Current gene therapies fall short on many fronts: the risk of introducing harmful genetic alterations, the lack of tissue-specific delivery systems, along with high manufacturing costs, all mean that very few patients are likely to benefit from these therapies.
The preclinical-stage biotech company Shape Therapeutics (ShapeTX), based in Seattle, Washington, is using artificial intelligence and machine learning to develop RNA-based therapies that are easy to manufacture and can be delivered to specific tissues by using engineered adeno-associated viruses (AAVs).
Francois Vigneault, co-founder and CEO of ShapeTX, has long been fascinated by the smallest of biological entities: viruses. “I rely a lot on first-principle thinking, so I was immediately attracted to the simplicity and power of viruses,” he said.
After 10 years as a maritime warfare officer in the Royal Canadian Navy, Vigneault pursued a career in biosciences. He worked in George Church’s laboratory at Harvard Medical School developing cutting-edge genomic technologies. Together, Vigneault and Church co-founded the startup company AbVitro, which pioneered high-throughput single-cell sequencing to advance therapies for cancer, and for autoimmune and infectious diseases.
AbVitro was acquired by Juno Therapeutics in January 2016 (now part of Bristol Myers Squibb). Not long afterwards, Vigneault and his colleague from the Church lab Prashant Mali, along with John Suliman, co-founded ShapeTX to develop new RNA-targeted therapies for some of the world’s most challenging diseases. “Our goal is to transform patients’ lives by combining large datasets, artificial intelligence and programmable RNA,” Vigneault said.
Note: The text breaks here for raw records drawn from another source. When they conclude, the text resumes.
lemma semismooth_deriv_bound_Q:
  assumes "semismooth_deriv_bound p P (adjoint J y)" and "p > 0"
  shows "semismooth_deriv_bound p Q y"
proof -
  obtain C \<delta> where "\<delta> > 0"
    and bound: "\<And>h W. norm h < \<delta> \<Longrightarrow> (P has_derivative W) (at (adjoint J y + h)) \<Longrightarrow>
      norm (P (adjoint J y + h) - P (adjoint J y) - W h) \<le> C * norm h powr (1 + p)"
    using assms(1) unfolding semismooth_deriv_bound_def by blast
  have "norm (Q (y + h) - Q y - V h) \<le> \<bar>C\<bar> * norm h powr (1 + p)"
    if "norm h < \<delta>" and Q': "(Q has_derivative V) (at (y + h))" for h V
  proof -
    obtain W where P': "(P has_derivative W) (at (adjoint J y + adjoint J h))"
      and V: "V = (\<lambda>v. J (W (adjoint J v)))"
      using has_derivative_Q_imp[OF Q'] by (auto simp: linear_isometry_simps)
    let ?err = "P (adjoint J y + adjoint J h) - P (adjoint J y) - W (adjoint J h)"
    have "Q (y + h) - Q y - V h = J ?err"
      by (simp add: V closest_point_image linear_isometry_simps)
    then have "norm (Q (y + h) - Q y - V h) = norm ?err"
      by (simp add: norm_J)
    also have "\<dots> \<le> C * norm (adjoint J h) powr (1 + p)"
      using norm_adjoint_J[of h] \<open>norm h < \<delta>\<close> by (intro bound P') simp
    also have "\<dots> \<le> \<bar>C\<bar> * norm h powr (1 + p)"
      using norm_adjoint_J[of h] \<open>p > 0\<close> by (intro mult_mono powr_mono2) auto
    finally show ?thesis .
  qed
  with \<open>\<delta> > 0\<close> show ?thesis
    unfolding semismooth_deriv_bound_def by blast
qed

lemma semismooth_deriv_bound_P:
  assumes "semismooth_deriv_bound p Q (J x)"
  shows "semismooth_deriv_bound p P x"
proof -
  obtain C \<delta> where "\<delta> > 0" and bound: "\<And>h V. norm h < \<delta> \<Longrightarrow> (Q has_derivative V) (at (J x + h)) \<Longrightarrow>
      norm (Q (J x + h) - Q (J x) - V h) \<le> C * norm h powr (1 + p)"
    using assms unfolding semismooth_deriv_bound_def by blast
  have "norm (P (x + h) - P x - W h) \<le> C * norm h powr (1 + p)"
    if "norm h < \<delta>" and P': "(P has_derivative W) (at (x + h))" for h W
  proof -
    have "(Q has_derivative (\<lambda>v. J (W (adjoint J v)))) (at (J x + J h))"
      using P' by (intro has_derivative_Q) (simp add: adjoint_J linear_isometry_simps)
    then have "norm (Q (J x + J h) - Q (J x) - J (W (adjoint J (J h)))) \<le> C * norm (J h) powr (1 + p)"
      using \<open>norm h < \<delta>\<close> by (intro bound) (simp_all add: norm_J)
    moreover have "Q (J x + J h) - Q (J x) - J (W (adjoint J (J h))) = J (P (x + h) - P x - W h)"
      by (simp add: closest_point_image adjoint_J linear_isometry_simps)
    ultimately show ?thesis
      by (simp add: norm_J)
  qed
  with \<open>\<delta> > 0\<close> show ?thesis
    unfolding semismooth_deriv_bound_def by blast
qed

lemma semismooth_iff:
  assumes "p > 0"
  shows "semismooth p P \<longleftrightarrow> semismooth p Q"
  unfolding semismooth_closest_point_iff[OF convex_S closed_S nonempty_S assms]
    semismooth_closest_point_iff[OF convex_image closed_image nonempty_image assms]
  using dir_differentiable_at_Q dir_differentiable_at_P
    semismooth_deriv_bound_Q[OF _ assms] semismooth_deriv_bound_P by blast

end

section \<open>Injective linear images\<close>

lemma linear_injective_factor_isometry:
  fixes A :: "'a::euclidean_space \<Rightarrow> 'b::euclidean_space"
  assumes "linear A" and "inj A"
  obtains J :: "'a \<Rightarrow> 'b" and B :: "'a \<Rightarrow> 'a"
  where "linear J" "\<And>x. norm (J x) = norm x" "linear B" "inj B" "\<And>x. A x = J (B x)"
proof -
  have "dim (UNIV :: 'a set) = dim (range A)"
    using dim_image_eq[OF assms(1), of UNIV] assms(2) by (simp add: inj_on_def)
  then obtain J :: "'a \<Rightarrow> 'b" and G where "linear J" "linear G" "\<And>x. norm (J x) = norm x"
    and J_G: "\<And>y. y \<in> range A \<Longrightarrow> J (G y) = y"
    by (rule isometries_subspaces[OF subspace_UNIV linear_subspace_image[OF assms(1) subspace_UNIV]])
      auto
  have A_eq: "A x = J (G (A x))" for x
    using J_G by simp
  show ?thesis
  proof (rule that)
    show "linear (\<lambda>x. G (A x))"
      using linear_compose[OF assms(1) \<open>linear G\<close>] by (simp add: comp_def)
    show "inj (\<lambda>x. G (A x))"
    proof (rule injI)
      fix x y
      assume "G (A x) = G (A y)"
      then have "A x = A y"
        by (metis A_eq)
      with assms(2) show "x = y"
        by (rule injD)
    qed
  qed fact+
qed

theorem lemma2:
  fixes A :: "'a::euclidean_space \<Rightarrow> 'b::euclidean_space"
    and K :: "'a set" and p :: real
  assumes "linear A" and "inj A"
    and "K \<noteq> {}" and "closed K" and "convex K"
    and "p > 0"
  shows "semismooth p (closest_point K) \<longleftrightarrow> semismooth p (closest_point (A ` K))"
proof -
  obtain J :: "'a \<Rightarrow> 'b" and B :: "'a \<Rightarrow> 'a"
    where J: "linear J" "\<And>x. norm (J x) = norm x" and B: "linear B" "inj B"
    and A: "\<And>x. A x = J (B x)"
    using linear_injective_factor_isometry[OF assms(1,2)] by blast
  obtain Bi where Bi: "linear Bi" "\<And>x. Bi (B x) = x" "\<And>y. B (Bi y) = y"
    using linear_injective_isomorphism[OF B] by auto
  have forward: "closest_point_linear_iso B Bi K"
    using B Bi assms(3-5) by (simp add: closest_point_linear_iso_def)
  have image: "convex (B ` K)" "closed (B ` K)" "B ` K \<noteq> {}"
    using closest_point_linear_iso.convex_image[OF forward]
      closest_point_linear_iso.closed_image[OF forward]
      closest_point_linear_iso.nonempty_image[OF forward] .
  have backward: "closest_point_linear_iso Bi B (B ` K)"
    using B Bi image by (simp add: closest_point_linear_iso_def)
  have isometry: "closest_point_isometry J (B ` K)"
    using J image by (simp add: closest_point_isometry_def)
  have "Bi ` B ` K = K" "J ` B ` K = A ` K"
    by (simp_all add: image_image Bi(2) A)
  then show ?thesis
    using closest_point_linear_iso.semismooth_Q[OF forward _ \<open>p > 0\<close>]
      closest_point_linear_iso.semismooth_Q[OF backward _ \<open>p > 0\<close>]
      closest_point_isometry.semismooth_iff[OF isometry \<open>p > 0\<close>]
    by metis
qed

end
lemma L_step_right:
  assumes "n \<ge> 2" "u \<in> L_verts n" "column n u < 3 * int n - 3"
  obtains w where "w \<in> L_verts n" "upper w = upper u" "column n w = column n u + 1" "L_adj n u w"
proof -
  have "\<exists>w \<in> L_verts n. upper w = upper u \<and> column n w = column n u + 1 \<and> L_adj n u w"
  proof (cases u)
    case (Bv i)
    show ?thesis
    proof (cases "i < n - 1")
      case True
      then show ?thesis using assms Bv
        by (intro bexI[of _ "Fv (Suc i)"]) (auto simp: L_adj_def L_edge_pairs_def)
    next
      case False
      then show ?thesis using assms Bv
        by (intro bexI[of _ Rv]) (auto simp: L_adj_def L_edge_pairs_def of_nat_diff)
    qed
  next
    case (Cv i)
    show ?thesis
    proof (cases "i < n - 1")
      case True
      then show ?thesis using assms Cv
        by (intro bexI[of _ "Ev (Suc i)"]) (auto simp: L_adj_def L_edge_pairs_def)
    next
      case False
      then show ?thesis using assms Cv
        by (intro bexI[of _ Sv]) (auto simp: L_adj_def L_edge_pairs_def of_nat_diff)
    qed
  qed (use assms in \<open>force simp: L_adj_def L_edge_pairs_def\<close>)+
  then show ?thesis using that by blast
qed

lemma L_walk_in_row:
  assumes n: "n \<ge> 2" and uv: "u \<in> L_verts n" "v \<in> L_verts n" "upper u = upper v"
  shows "walk_in (L_verts n) (L_adj n) (nat \<bar>column n u - column n v\<bar>) u v"
proof -
  have rightward: "walk_in (L_verts n) (L_adj n) d x y"
    if "x \<in> L_verts n" "y \<in> L_verts n" "upper x = upper y" "column n y - column n x = int d" for d x y
    using that
  proof (induction d arbitrary: x)
    case 0
    then show ?case using L_verts_eqI[OF n, of x y] by simp
  next
    case (Suc d)
    have "column n x < 3 * int n - 3" using column_le[OF n Suc.prems(2)] Suc.prems(4) by simp
    then obtain w where w: "w \<in> L_verts n" "upper w = upper x" "column n w = column n x + 1" "L_adj n x w"
      using L_step_right[OF n Suc.prems(1)] by blast
    with Suc show ?case by auto
  qed
  show ?thesis
  proof (cases "column n u \<le> column n v")
    case True
    then show ?thesis using rightward[OF uv] by simp
  next
    case False
    then have "walk_in (L_verts n) (L_adj n) (nat \<bar>column n u - column n v\<bar>) v u"
      using rightward[OF uv(2,1) uv(3)[symmetric]] by simp
    then show ?thesis using walk_in_rev[of "L_adj n", OF L_adj_commute] by blast
  qed
qed

definition hex_deg3 :: "nat \<Rightarrow> lvert set" where
  "hex_deg3 i = {Bv i, Cv i, Ev i, Fv i}"

definition deg3_verts :: "nat \<Rightarrow> lvert set" where
  "deg3_verts m = (\<Union>i\<in>{1..m}. hex_deg3 i)"

lemma deg3_verts_subset: "deg3_verts (n - 1) \<subseteq> L_verts n"
  unfolding deg3_verts_def hex_deg3_def by auto

lemma L_neighbours_hex:
  assumes "n \<ge> 2" "1 \<le> i" "i \<le> n - 1"
  shows "{v \<in> L_verts n. L_adj n (Av i) v} = {Bv i, Fv i}"
    and "{v \<in> L_verts n. L_adj n (Dv i) v} = {Cv i, Ev i}"
    and "{v \<in> L_verts n. L_adj n (Bv i) v} = {Av i, Cv i, if i < n - 1 then Fv (Suc i) else Rv}"
    and "{v \<in> L_verts n. L_adj n (Cv i) v} = {Bv i, Dv i, if i < n - 1 then Ev (Suc i) else Sv}"
    and "{v \<in> L_verts n. L_adj n (Ev i) v} = {Dv i, Fv i, if i = 1 then Qv else Cv (i - 1)}"
    and "{v \<in> L_verts n. L_adj n (Fv i) v} = {Av i, Ev i, if i = 1 then Pv else Bv (i - 1)}"
  using assms by (auto simp: L_adj_def L_edge_pairs_def)

lemma L_neighbours_end:
  assumes "n \<ge> 2"
  shows "{v \<in> L_verts n. L_adj n Pv v} = {Qv, Fv 1}"
    and "{v \<in> L_verts n. L_adj n Qv v} = {Pv, Ev 1}"
    and "{v \<in> L_verts n. L_adj n Rv v} = {Sv, Bv (n - 1)}"
    and "{v \<in> L_verts n. L_adj n Sv v} = {Rv, Cv (n - 1)}"
  using assms by (auto simp: L_adj_def L_edge_pairs_def)

lemma L_deg3_verts:
  assumes "n \<ge> 2"
  shows "{u \<in> L_verts n. degree_in (L_verts n) (L_adj n) u = 3} = deg3_verts (n - 1)"
proof -
  have "degree_in (L_verts n) (L_adj n) u = (if u \<in> deg3_verts (n - 1) then 3 else 2)"
    if "u \<in> L_verts n" for u
    using that assms
    by (cases u) (auto simp: degree_in_def L_neighbours_hex L_neighbours_end deg3_verts_def hex_deg3_def)
  then show ?thesis using deg3_verts_subset[of n] by (auto split: if_splits)
qed

lemma L_rung:
  assumes "u \<in> deg3_verts (n - 1)"
  obtains w where "w \<in> L_verts n" "upper w \<noteq> upper u" "column n w = column n u" "L_adj n u w"
proof -
  obtain i where i: "1 \<le> i" "i \<le> n - 1" "u \<in> {Bv i, Cv i, Ev i, Fv i}"
    using assms unfolding deg3_verts_def hex_deg3_def by auto
  then have "\<exists>w \<in> L_verts n. upper w \<noteq> upper u \<and> column n w = column n u \<and> L_adj n u w"
    by (elim insertE) (force simp: L_adj_def L_edge_pairs_def)+
  then show ?thesis using that by blast
qed

lemma gdist_L_deg3:
  assumes n: "n \<ge> 2" and u: "u \<in> deg3_verts (n - 1)" and v: "v \<in> L_verts n"
  shows "gdist (L_verts n) (L_adj n) u v = nat (ladder_dist n u v)"
proof (rule gdist_eqI)
  show "nat (ladder_dist n u v) \<le> k" if "walk_in (L_verts n) (L_adj n) k u v" for k
    using ladder_dist_le_walk[OF n that] by simp
  have uV: "u \<in> L_verts n" using u deg3_verts_subset by auto
  show "walk_in (L_verts n) (L_adj n) (nat (ladder_dist n u v)) u v"
  proof (cases "upper u = upper v")
    case True
    then show ?thesis using L_walk_in_row[OF n uV v] by (simp add: ladder_dist_def)
  next
    case False
    obtain w where w: "w \<in> L_verts n" "upper w \<noteq> upper u" "column n w = column n u" "L_adj n u w"
      using L_rung[OF u] .
    then have "walk_in (L_verts n) (L_adj n) (Suc (nat \<bar>column n w - column n v\<bar>)) u v"
      using L_walk_in_row[OF n w(1) v] False uV by auto
    moreover have "nat (ladder_dist n u v) = Suc (nat \<bar>column n w - column n v\<bar>)"
      using False w by (simp add: ladder_dist_def)
    ultimately show ?thesis by simp
  qed
qed
(* Let $(E,\mathcal L)$ be a simple affine oriented matroid satisfying (S): $|S(X,Y)|<\infty$ for all $X,Y\in\mathcal L$. Let $\pi$ be a parallelism class with its total order $<_\pi$. Then $(\pi,<_\pi)$ or its reverse is order isomorphic to exactly one of: $(\mathbb Z,<)$ (if $\pi$ has neither a minimum nor a maximum), $(\mathbb N,<)$ (if exactly one extremum exists, the order being reversed if necessary so that it is a minimum), or $\{0,1,\dots,|\pi|-1\}$ (if both a minimum and a maximum exist; then $\pi$ is finite).
   Context: A sign vector on a set $E$ is an element of $\{+,-,0\}^E$; $-X$ is defined by $(-X)(e)=-X(e)$. The separator of $X,Y$ is $S(X,Y)=\{e\in E: X(e)\neq0\neq Y(e),\ X(e)\neq Y(e)\}$. The composition $X\circ Y$ is given by $(X\circ Y)(e)=X(e)$ if $X(e)\neq0$ and $Y(e)$ otherwise; $X\oplus Y$ is $0$ on $S(X,Y)$ and equals $X\circ Y$ elsewhere. For sets of sign vectors, $\mathcal A\circ\mathcal B=\{X\circ Y:X\in\mathcal A,Y\in\mathcal B\}$, $-\mathcal A=\{-X:X\in\mathcal A\}$. For $\mathcal L\subseteq\{+,-,0\}^E$ let $I_e(X,Y;\mathcal L)=\{Z\in\mathcal L:Z(e)=0,\ Z(f)=(X\circ Y)(f)\ \forall f\notin S(X,Y)\}$, $I(X,Y;\mathcal L)=\bigcup_{e\in S(X,Y)}I_e(X,Y;\mathcal L)$ and $\mathcal P(\mathcal L)=\{X\oplus(-Y):X,Y\in\mathcal L,\ I(X,-Y;\mathcal L)=I(-X,Y;\mathcal L)=\emptyset\}$. An affine oriented matroid (AOM) on an arbitrary set $E$ is a pair $(E,\mathcal L)$, $\mathcal L\subseteq\{+,-,0\}^E$, satisfying (FS) $\mathcal L\circ(-\mathcal L)\subseteq\mathcal L$; (SE) for all $X,Y\in\mathcal L$ and $e\in S(X,Y)$, $I_e(X,Y;\mathcal L)\ne\emptyset$; (P) $\mathcal P(\mathcal L)\circ\mathcal L\subseteq\mathcal L$. Elements $e,f\in E$ are equivalent if $X(e)=X(f)$ for all $X\in\mathcal L$, or $X(e)=-X(f)$ for all $X\in\mathcal L$; $e$ is redundant if $X(e)=Y(e)$ for all $X,Y\in\mathcal L$. The AOM is simple if it has no redundant elements and no two distinct equivalent elements. Two elements $e,f$ are parallel, $e\parallel f$, if there is no $X\in\mathcal L$ with $X(e)=X(f)=0$; in a simple AOM the reflexive closure of $\parallel$ is an equivalence relation whose classes are the parallelism classes. On a parallelism class $\pi$ the relation $[a,b,c]$ holds iff $a,b,c$ are pairwise distinct and for all $X,Z\in\mathcal L$, $X(a)=0$ and $Z(c)=0$ imply $X(b)=-Z(b)$; $<_\pi$ is the total order on $\pi$ (unique up to reversal) such that $[a,b,c]$ iff $a<_\pi b<_\pi c$ or $c<_\pi b<_\pi a$. *)

theory Defs
  imports Main
begin
(* Let $\phi:\mathbb N\setminus\{0\}\to\mathbb N\setminus\{0\}$ satisfy $\phi(n)/n\to0$. Let $(Z_i)$ be i.i.d. $\mathbb R^d$-valued random variables with $Z_1$ satisfying (A1) and (A2). Then $\bar Z_n^\phi=\frac1n\sum_{i=1}^{\phi(n)}Z_i$ satisfies the LDP in $\mathbb R^d$ with good rate function $I(y)=\Delta^*(y\mid\mathcal D_Z)$.
   Context: $\Delta^*(y\mid A)=\sup_{\theta\in A}\langle y,\theta\rangle$. $\mathcal D_Z=\{\theta\in\mathbb R^d:\log\mathbb E\,e^{\langle\theta,Z_1\rangle}<\infty\}$. (A1): $\mathbb E\,e^{\alpha|Z_1|}<\infty$ for some $\alpha>0$ and $Z_1/n$ satisfies the LDP with a good rate function $I$. (A2): $I(z)=\Delta^*(z\mid\mathcal D_Z)$. *)

theory Defs
  imports "HOL-Probability.Probability"
begin

definition eln :: "real \<Rightarrow> ereal" where
  "eln p = (if p > 0 then ereal (ln p) else -\<infinity>)"

definition good_rate_function :: "('a::topological_space \<Rightarrow> ereal) \<Rightarrow> bool" where
  "good_rate_function I \<longleftrightarrow> (\<forall>x. 0 \<le> I x) \<and> (\<forall>c::real. compact {x. I x \<le> ereal c})"
definition test_fun :: "pt3 set \<Rightarrow> (pt3 \<Rightarrow> real) \<Rightarrow> (pt3 \<Rightarrow> real) \<Rightarrow> (pt3 \<Rightarrow> real)
                          \<Rightarrow> (pt3 \<Rightarrow> real) \<Rightarrow> bool" where
  "test_fun \<Omega> \<phi> \<phi>1 \<phi>2 \<phi>3 \<longleftrightarrow>
     (\<forall>x. (\<phi> has_derivative
            (\<lambda>h. fst (fst h) * \<phi>1 x + snd (fst h) * \<phi>2 x + snd h * \<phi>3 x)) (at x)) \<and>
     continuous_on UNIV \<phi>1 \<and> continuous_on UNIV \<phi>2 \<and> continuous_on UNIV \<phi>3 \<and>
     compact (closure {x. \<phi> x \<noteq> 0}) \<and> closure {x. \<phi> x \<noteq> 0} \<subseteq> \<Omega>"

definition weak_grad :: "pt3 set \<Rightarrow> (pt3 \<Rightarrow> complex) \<Rightarrow> (pt3 \<Rightarrow> complex) \<Rightarrow> (pt3 \<Rightarrow> complex)
                           \<Rightarrow> (pt3 \<Rightarrow> complex) \<Rightarrow> bool" where
  "weak_grad \<Omega> U G1 G2 G3 \<longleftrightarrow>
     (\<forall>\<phi> \<phi>1 \<phi>2 \<phi>3. test_fun \<Omega> \<phi> \<phi>1 \<phi>2 \<phi>3 \<longrightarrow>
        (LINT x:\<Omega>|lebesgue. U x * of_real (\<phi>1 x)) = - (LINT x:\<Omega>|lebesgue. G1 x * of_real (\<phi> x)) \<and>
        (LINT x:\<Omega>|lebesgue. U x * of_real (\<phi>2 x)) = - (LINT x:\<Omega>|lebesgue. G2 x * of_real (\<phi> x)) \<and>
        (LINT x:\<Omega>|lebesgue. U x * of_real (\<phi>3 x)) = - (LINT x:\<Omega>|lebesgue. G3 x * of_real (\<phi> x)))"

definition H1_on :: "pt3 set \<Rightarrow> (pt3 \<Rightarrow> complex) \<Rightarrow> (pt3 \<Rightarrow> complex) \<Rightarrow> (pt3 \<Rightarrow> complex)
                       \<Rightarrow> (pt3 \<Rightarrow> complex) \<Rightarrow> bool" where
  "H1_on \<Omega> U G1 G2 G3 \<longleftrightarrow> L2_on \<Omega> U \<and> L2_on \<Omega> G1 \<and> L2_on \<Omega> G2 \<and> L2_on \<Omega> G3 \<and>
                            weak_grad \<Omega> U G1 G2 G3"

definition C1_grad :: "(pt3 \<Rightarrow> complex) \<Rightarrow> (pt3 \<Rightarrow> complex) \<Rightarrow> (pt3 \<Rightarrow> complex)
                         \<Rightarrow> (pt3 \<Rightarrow> complex) \<Rightarrow> bool" where
  "C1_grad V V1 V2 V3 \<longleftrightarrow>
     (\<forall>x. (V has_derivative (\<lambda>h. of_real (fst (fst h)) * V1 x + of_real (snd (fst h)) * V2 x
                                + of_real (snd h) * V3 x)) (at x)) \<and>
     continuous_on UNIV V1 \<and> continuous_on UNIV V2 \<and> continuous_on UNIV V3"

text \<open>H_eta: H^1(Omega) functions with zero trace on gamma_D x (0,1) and
  U(x',1) = e^{i eta} U(x',0), expressed as the H^1-closure of C^1 functions satisfying
  these conditions pointwise.\<close>
definition H_eta :: "pt2 set \<Rightarrow> pt2 set \<Rightarrow> real \<Rightarrow> (pt3 \<Rightarrow> complex) \<Rightarrow> (pt3 \<Rightarrow> complex)
                       \<Rightarrow> (pt3 \<Rightarrow> complex) \<Rightarrow> (pt3 \<Rightarrow> complex) \<Rightarrow> bool" where
  "H_eta \<omega> \<gamma>D \<eta> U G1 G2 G3 \<longleftrightarrow> H1_on (Cyl \<omega>) U G1 G2 G3 \<and>
     (\<exists>V V1 V2 V3 :: nat \<Rightarrow> pt3 \<Rightarrow> complex.
        (\<forall>n. C1_grad (V n) (V1 n) (V2 n) (V3 n) \<and>
             (\<forall>x'\<in>\<gamma>D. \<forall>t\<in>{0..1}. V n (x', t) = 0) \<and>
             (\<forall>x'\<in>closure \<omega>. V n (x', 1) = cis \<eta> * V n (x', 0))) \<and>
        (\<lambda>n. LINT x:Cyl \<omega>|lebesgue. (cmod (U x - V n x))\<^sup>2 + (cmod (G1 x - V1 n x))\<^sup>2
                + (cmod (G2 x - V2 n x))\<^sup>2 + (cmod (G3 x - V3 n x))\<^sup>2) \<longlonglongrightarrow> 0)"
The COVID-19 pandemic and the successful use of RNA vaccines against SARS-CoV-2 has boosted research into RNA therapeutics. Unlike DNA-based gene therapies, which cause permanent genetic changes in a cell’s nucleus, RNA therapies carry out their activity in the cytoplasm and are more easily manipulated, without the same risk of unintended genetic effects.
When comparing the two approaches, Vigneault uses an analogy: “If you have a computer problem, you don’t go changing the hardware, you install a software update. It’s the same when trying to fix a genetic problem. Rather than fix it at source (DNA editing), you can upload a patch (RNA editing), which is less complex, more efficient and carries less risk.”
ShapeTX’s three key areas of work. RNA editing tools, tissue-specific AAVs and manufacturing technology (end-to-end approach). AAV, adeno-associated viruses; AI, artificial intelligence.
New RNA tools to fix disease
ShapeTX uses a guide RNA that can recruit the cell’s own adenosine deaminase acting on RNA (ADAR) enzymes to edit a precise location on a target RNA. ADARs can correct guanine-to-adenine (G-to-A) mutations, which are the cause of numerous rare diseases and have been linked with larger genetic disorders, including Parkinson’s disease and Alzheimer’s disease.
The ShapeTX RNA-editing technology has been used to treat a mouse model of Hurler syndrome—the most severe form of the lysosomal storage disease mucopolysaccharidosis type 1—and Duchenne muscular dystrophy1,2.
“Our goal is to provide just the RNA as the software update, without the need for a large protein system like CRISPR relies on, which could be recognized by the immune system as foreign and trigger immunogenicity,” Vigneault explained.
Delivery and manufacturing solutions
In addition to building an arsenal of programmable RNA tools with broad applicability across a wide range of therapeutic areas, ShapeTX is making disruptive changes to improve the delivery and manufacture of gene therapies.
“99% of the viruses and liposomes that are currently used to deliver gene therapies end up in the liver, where they can cause toxicity,” said Vigneault. Researchers at ShapeTX have developed a platform to generate viral vectors that target specific tissues. So far, they have generated AAVs that specifically target the central nervous system and muscle tissue in non-human primates, enabling more-efficient delivery of therapies for brain diseases and muscle disorders, respectively.
Scaling up manufacturing for gene therapies is a major bottleneck for clinical trials. The supply of most gene therapies under development still relies on processes created in the 1970s, requiring huge reactors to produce tiny amounts of product, Vigneault explained. “We’ve re-invented the cells that go into the reactor so they produce a much higher amount and higher quality of product, drastically reducing the cost of treatment.”
ShapeTX has generated stable cell lines for AAV production that outperform standard transient expression methods. The company is planning to build a good manufacturing practice (GMP) facility that can be used by other companies to manufacture their own gene therapies.
ShapeTX is already working in partnership with Roche to advance RNA-editing therapies for Alzheimer’s disease, Parkinson’s disease and other rare disorders, and is eager to establish further collaborations to realize the full potential of its platform technologies. “We see all companies as potential collaborators, not competitors. We want to work with them to get safe and effective treatments to patients faster and at an accessible price point,” Vigneault said.